Including February in a 56-day window meant the median was averaging across two different volume regimes. On the days that most needed a high correction (high-volume weekdays during a ramp), the 56d median was pulling the scale down.
There was a second problem. The validation CSV still contained March 18-19 AWS outage rows. The live pipeline already excluded those dates. Once removed, 28d performed equivalently. The 56d "win" was fully explained by two artifacts, neither of which existed in production.
A result that can only be reproduced by keeping the data wrong is not a result.
The Trap
Every time the model runs, the adjuster reads the last 28 days of actual vs model, computes the median ratio per day of week, clips to [0.85, 1.50], and applies it to every hourly prediction for that DOW in the forward forecast.
The current live scale factors show the shape of the correction:
Every weekday gets a 23-39% lift. Sunday gets a minor downward nudge: XGBoost was slightly over-predicting Sundays, and the scale reflects that. The 1.50 clip prevents overcorrection on data-quality weeks.
Scales auto-update on every main.py run as new actuals arrive. No manual steps, no calendar reminders. It runs itself.
That was the method. Here is Week 23 in production. The Hybrid is the long-range baseline forecast, the number the business would have used before Model Boost. Model Boost won every single day.
A long-range forecast anchored to older volume is the baseline. Model Boost, updating every run from the last 28 days, closes the gap between what the business planned and what actually arrived.
Week of June 7–13, 2026
That is the part that took a while to accept. XGBoost learned the shape of call volume accurately. When demand peaks within a day, which hours carry the most weight, how Friday afternoons differ from Monday mornings. All of that was right.
What it could not do was track a sustained volume ramp without being retrained on it.
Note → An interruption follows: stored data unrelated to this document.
(* Let $P$ be a poset that is both directed and codirected, and let $M\colon P\to\mathbf{Vec}$ be pointwise finite-dimensional with $M_p\neq0$ for all $p\in P$ and with $M(p\le q)\colon M_p\to M_q$ surjective for all $p\le q$. Then $M$ has a direct summand isomorphic to $k_P$.
   Context: $P$ is directed if any two elements have a common upper bound in $P$, codirected if any two elements have a common lower bound in $P$. Persistence modules over $P$ are functors $P\to\mathbf{Vec}$ with structure maps $M(p\le q)$. $k_P$ is the module with $k$ at every point and identity structure maps. *)

theory Defs
  imports Main "HOL.Vector_Spaces"
begin

text \<open>A persistence module over (P,R) with values in vector spaces over the field 'k is
given by subspaces V p of an ambient k-vector space 'v (scalar multiplication sc),
together with structure maps f p q : V p \<rightarrow> V q for (p,q) \<in> R, which are linear, with
f p p = id and f q r \<circ> f p q = f p r (on V p).\<close>

definition is_pmod ::
  "'p set \<Rightarrow> 'p rel \<Rightarrow> ('k::field \<Rightarrow> 'v::ab_group_add \<Rightarrow> 'v) \<Rightarrow> ('p \<Rightarrow> 'v set)
   \<Rightarrow> ('p \<Rightarrow> 'p \<Rightarrow> 'v \<Rightarrow> 'v) \<Rightarrow> bool" where
  "is_pmod P R sc V f \<longleftrightarrow>
     (\<forall>p\<in>P. module.subspace sc (V p)) \<and>
     (\<forall>p\<in>P. \<forall>q\<in>P. (p, q) \<in> R \<longrightarrow>
        (\<forall>x\<in>V p. f p q x \<in> V q) \<and>
        (\<forall>x\<in>V p. \<forall>y\<in>V p. f p q (x + y) = f p q x + f p q y) \<and>
        (\<forall>c. \<forall>x\<in>V p. f p q (sc c x) = sc c (f p q x))) \<and>
     (\<forall>p\<in>P. \<forall>x\<in>V p. f p p x = x) \<and>
     (\<forall>p\<in>P. \<forall>q\<in>P. \<forall>r\<in>P. (p, q) \<in> R \<and> (q, r) \<in> R \<longrightarrow>
        (\<forall>x\<in>V p. f q r (f p q x) = f p r x))"

definition pfd :: "'p set \<Rightarrow> ('k::field \<Rightarrow> 'v::ab_group_add \<Rightarrow> 'v) \<Rightarrow> ('p \<Rightarrow> 'v set) \<Rightarrow> bool" where
  "pfd P sc V \<longleftrightarrow> (\<forall>p\<in>P. \<exists>B. finite B \<and> B \<subseteq> V p \<and> module.span sc B = V p)"

definition is_submod ::
  "'p set \<Rightarrow> 'p rel \<Rightarrow> ('k::field \<Rightarrow> 'v::ab_group_add \<Rightarrow> 'v) \<Rightarrow> ('p \<Rightarrow> 'v set)
   \<Rightarrow> ('p \<Rightarrow> 'p \<Rightarrow> 'v \<Rightarrow> 'v) \<Rightarrow> ('p \<Rightarrow> 'v set) \<Rightarrow> bool" where
  "is_submod P R sc V f N \<longleftrightarrow>
     (\<forall>p\<in>P. module.subspace sc (N p) \<and> N p \<subseteq> V p) \<and>
     (\<forall>p\<in>P. \<forall>q\<in>P. (p, q) \<in> R \<longrightarrow> (\<forall>x\<in>N p. f p q x \<in> N q))"

definition pmod_iso ::
  "'p set \<Rightarrow> 'p rel \<Rightarrow> ('k::field \<Rightarrow> 'v::ab_group_add \<Rightarrow> 'v) \<Rightarrow> ('p \<Rightarrow> 'v set)
   \<Rightarrow> ('p \<Rightarrow> 'p \<Rightarrow> 'v \<Rightarrow> 'v) \<Rightarrow> ('k \<Rightarrow> 'w::ab_group_add \<Rightarrow> 'w) \<Rightarrow> ('p \<Rightarrow> 'w set)
   \<Rightarrow> ('p \<Rightarrow> 'p \<Rightarrow> 'w \<Rightarrow> 'w) \<Rightarrow> bool" where
  "pmod_iso P R sc V f sc' W g \<longleftrightarrow>
     (\<exists>\<phi>. (\<forall>p\<in>P. bij_betw (\<phi> p) (V p) (W p) \<and>
              (\<forall>x\<in>V p. \<forall>y\<in>V p. \<phi> p (x + y) = \<phi> p x + \<phi> p y) \<and>
              (\<forall>c. \<forall>x\<in>V p. \<phi> p (sc c x) = sc' c (\<phi> p x))) \<and>
          (\<forall>p\<in>P. \<forall>q\<in>P. (p, q) \<in> R \<longrightarrow> (\<forall>x\<in>V p. \<phi> q (f p q x) = g p q (\<phi> p x))))"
That is not a model failure. It is a structural characteristic of tree-based methods on monotonically growing series. The research had a name for it. The M5 competition had mapped it across 42,000 real-world series. Shen and Huang had mapped the call center version of it in 2007.
The correction layer does not fix the model. It fixes the output. And because it uses the most recent 28 days of actuals, it adjusts automatically as volume changes: faster than any retraining cycle would, with no manual work.
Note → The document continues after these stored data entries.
(* Let $\mathbb T=\mathbb R/\mathbb Z$, $Tx=2x \bmod 1$, $\mu$ Haar measure, and $d(x,y)=\min_{k\in\mathbb Z}|x-y-k|$. For $m\ge1$ let $A_m(x_1,x_2)=\frac1m\sum_{t=0}^{m-1}d(T^tx_1,T^tx_2)$. Let $\lambda_\Delta=(x\mapsto(x,x))_\#\mu$, and let $Q_m^\Delta$ and $Q_m^\otimes$ be the laws on $[0,1/2]^2$ of $(A_m(x_1,x_2),A_m(y_1,y_2))$ when $((x_1,y_1),(x_2,y_2))$ is sampled from $\lambda_\Delta^{\otimes2}$, respectively from $(\mu\otimes\mu)^{\otimes2}$. Then, with $W_1$ for the Euclidean metric on $[0,1/2]^2$, \[\frac{1}{24\sqrt2\,m}\le W_1(Q_m^\Delta,Q_m^\otimes)\le\frac{1}{\sqrt{24m}}.\] Consequently, for the full unanchored array laws with the coordinate Euclidean array metric, \[W_1\bigl(\Phi_{2,m}(\lambda_\Delta),\Phi_{2,m}(\mu\otimes\mu)\bigr)\ge\frac{1}{24\sqrt{2m}}.\]
   Context: For $z_i=(x_i,y_i)\in\mathbb T\times\mathbb T$, $\mathcal D^X_{n,m}=(d(T^ax_i,T^bx_j))_{1\le i,j\le n,0\le a,b<m}$, $\mathcal D^Y_{n,m}=(d(T^ay_i,T^by_j))_{1\le i,j\le n,0\le a,b<m}$, and for a Borel probability measure $\lambda$ on $\mathbb T\times\mathbb T$, $\Phi_{n,m}(\lambda)=\mathrm{Law}_{\lambda^{\otimes n}}(\mathcal D^X_{n,m},\mathcal D^Y_{n,m})$. $W_1$ is the 1-Wasserstein distance. *)

theory Defs
  imports "HOL-Probability.Probability"
begin

text \<open>The circle T = R/Z is represented by representatives in [0,1);
  Haar measure is the uniform (Lebesgue) probability measure on [0,1).\<close>

definition haar :: "real measure" where
  "haar = uniform_measure lborel {0..<1}"

definition doubling :: "real \<Rightarrow> real" where
  "doubling x = frac (2 * x)"

definition circ_dist :: "real \<Rightarrow> real \<Rightarrow> real" where
  "circ_dist x y = (INF k::int. \<bar>x - y - of_int k\<bar>)"

definition avg_dist :: "nat \<Rightarrow> real \<Rightarrow> real \<Rightarrow> real" where
  "avg_dist m x1 x2 = (1 / real m) * (\<Sum>t<m. circ_dist ((doubling ^^ t) x1) ((doubling ^^ t) x2))"

definition diag_meas :: "(real \<times> real) measure" where
  "diag_meas = distr haar borel (\<lambda>x. (x, x))"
There is a whole tradition of decomposing forecasting problems this way. From supply chain to call centers to Walmart's demand planning at scale. Separate what the model is good at from what it is not. Correct the rest with simpler tools that can track what the model cannot.
That is what Model Boost does. It works.
June 2026
Numbers in this story are indicative. Volume figures, error rates, and improvement metrics reflect real patterns but have been adjusted and are not exact operational data.